誠王瞳孔驟縮,他倒是忘了,眼前人不是先太子,他是個怪類,根本不遵守這朝堂的規則——就算是你死我活的敵人,在這京都見面都是虛偽客氣維護著表面的和平。

姜碩卻不管不顧,他根本不照顧這所謂的面子,不考慮是否已經將這天聊死沒得說了,他身上的殺氣和話裏的惡意太明顯。

姜碩就不是一個合格的政治家。

偏偏是這樣的人掌了兵權。

誠王臉色冷了,“祁北危急,朝堂派你去支援,隨後傳過來你戰死的消息,如今祁北失地未收,你卻出現在京都,九皇子殿下,這事情你你是想現在解釋還是到刑部去解釋?”

姜碩哼笑一聲,“誰說如今祁北失地未收。”

誠王渾身僵硬在原地。

姜碩慢慢悠悠的開口,“誠王殿下,你的消息落後了。八百裏加急估摸著明日會到,到時候是去刑部還是去大理寺朝堂自有論斷。”

誠王充耳未聞,徑直問道,“祁北失地收回了?”

姜碩懶得看他一眼,“天還沒亮,誠王年紀大了睡不著,我還正在長身體需要睡眠,恕不奉陪。”

他說著真的就不再管誠王徑直回了內室睡覺去了。

他怎麽好意思說他現在正是長身體的年紀!

誠王被他這張狂的模樣氣的發抖,但他又無可奈何,氣鼓鼓的來又氣鼓鼓的回去,等到了家才想起來自己有一個炸彈沒有當場炸出來。

姜碩方才那模樣分明是剛從溫柔鄉裏出來,那他究竟知不知道自己的心上人已經許了親呢!

誠王高興了一瞬間,很快又被姜碩還活著這個消息弄得再次皺起眉頭。

這些天朝臣上書立他為太子,皇帝一直隱而不發,難不成他早就知曉姜碩沒死!

誠王眼神陰鷙地想,這天下若不是我的也必定不能是他姜碩的。

**

姜碩睡了不到一個時辰又強行被訪客抓起來,他倒是沒有起床氣,只是自己分明是偷偷回京的,怎麽就一而再再而三的被人打攪。

外敵已經穩住了,他再不休息人都要猝死了。

蕭逸掌京都宵禁,姜碩回京的時候他便知曉了,等到早晨才過來。

姜碩見他總是一張死人臉,“禁軍總督有何貴幹?”

蕭逸被氣笑,“臨走的時候讓我照拂你的心上人的時候可是態度良好,感情當時是捏著鼻子求人的。”

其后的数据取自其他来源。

(* As $n\to\infty$, the ratio $|E(G_n)|/|E(SG(n,2))|$ tends to $2/3$.
   Context: Let $[n]=\{1,\dots,n\}$. A $2$-subset $\{a,b\}$ of $[n]$ with $a<b$ is called stable if $b \neq a+1$ and $\{a,b\}\neq\{1,n\}$; it is written $ab$. The Schrijver graph $SG(n,2)$ has as vertices all stable $2$-subsets of $[n]$, two being adjacent iff they are disjoint. For $n\ge 4$, the graph $G_n$ has the same vertex set; two vertices $ab$ ($a<b$) and $cd$ ($c<d$) with $a<c$ are adjacent in $G_n$ if and only if $\{a,b\}\cap\{c,d\}=\emptyset$ and either $a<c<b<d$, or $1<a<c<d<b$. *)

theory Defs
  imports Complex_Main
begin

definition stable_vertices :: "nat \<Rightarrow> (nat \<times> nat) set" where
  "stable_vertices n = {(a,b). 1 \<le> a \<and> a < b \<and> b \<le> n \<and> b \<noteq> a + 1 \<and> \<not> (a = 1 \<and> b = n)}"

definition SG_adj :: "nat \<times> nat \<Rightarrow> nat \<times> nat \<Rightarrow> bool" where
  "SG_adj u v = ({fst u, snd u} \<inter> {fst v, snd v} = {})"

definition G_adj_ord :: "nat \<times> nat \<Rightarrow> nat \<times> nat \<Rightarrow> bool" where
  "G_adj_ord u v = (case u of (a,b) \<Rightarrow> case v of (c,d) \<Rightarrow>
      a < c \<and> {a,b} \<inter> {c,d} = {} \<and> ((a < c \<and> c < b \<and> b < d) \<or> (1 < a \<and> a < c \<and> c < d \<and> d < b)))"

definition G_adj :: "nat \<times> nat \<Rightarrow> nat \<times> nat \<Rightarrow> bool" where
  "G_adj u v = (G_adj_ord u v \<or> G_adj_ord v u)"

definition edges_of :: "(nat \<times> nat \<Rightarrow> nat \<times> nat \<Rightarrow> bool) \<Rightarrow> nat \<Rightarrow> (nat \<times> nat) set set" where
  "edges_of adj n = {{u, v} | u v. u \<in> stable_vertices n \<and> v \<in> stable_vertices n \<and> u \<noteq> v \<and> adj u v}"

end

theory Submission
  imports Defs "HOL-Real_Asymp.Real_Asymp"
begin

聽到沈顏殊的名字姜碩微微緩和神色,他們的關系說謝謝又太尷尬,只好說起來正事,“祁北戰報今日晚些便會到,阿爾山死了,祁北暫時穩住了。”

蕭逸點點頭,“我掌京都防務,外面是你們的事情,不過內外不可分,你們穩住了,京都也變安全了。”

“對了,我今日來是說你臨行前交代給我的事情。”蕭逸一想到自己待會要說什麽都忍不住想笑,他揮了揮手裏的帖子,“你回來的時候不對,沒有收到婚帖。”

姜碩被他話題的跳躍度弄得有些茫然,什麽婚貼,又不是他自己成婚,什麽婚帖都不重要。

就算是皇帝要休了皇後另外再娶都跟他沒關系。

蕭逸把手裏的帖子放在案桌上,莫名帶了期待地開口,“沈姑娘前些日子過的不太好,不過現在倒是過好了——這是她與孔大人的婚貼。”

姜碩渾身仿佛被潑了一盆冷水似的釘在原地,他簡直不敢相信自己的耳朵,沒睡醒的眼睛瞬時瞪大,仿佛是聽了一個荒謬的笑話。

正紅請帖如同燙眼的炸彈安安靜靜一樣躺在桌案上,姜碩的餘光死死地盯著那請帖,腳卻仿佛生了根一樣站在地上不敢動彈。

他昨夜分明才從沈顏殊那裏來,他們琴瑟和鳴你儂我儂一整夜,如今蕭逸竟然來告訴他,沈顏殊已經同孔課為定親了!

姜碩腦子裏嗡嗡的沒有晃過神來,蕭逸第一次見他這樣簡直心裏笑得直不起腰來,一邊又心想這沈姑娘果然是他的軟肋。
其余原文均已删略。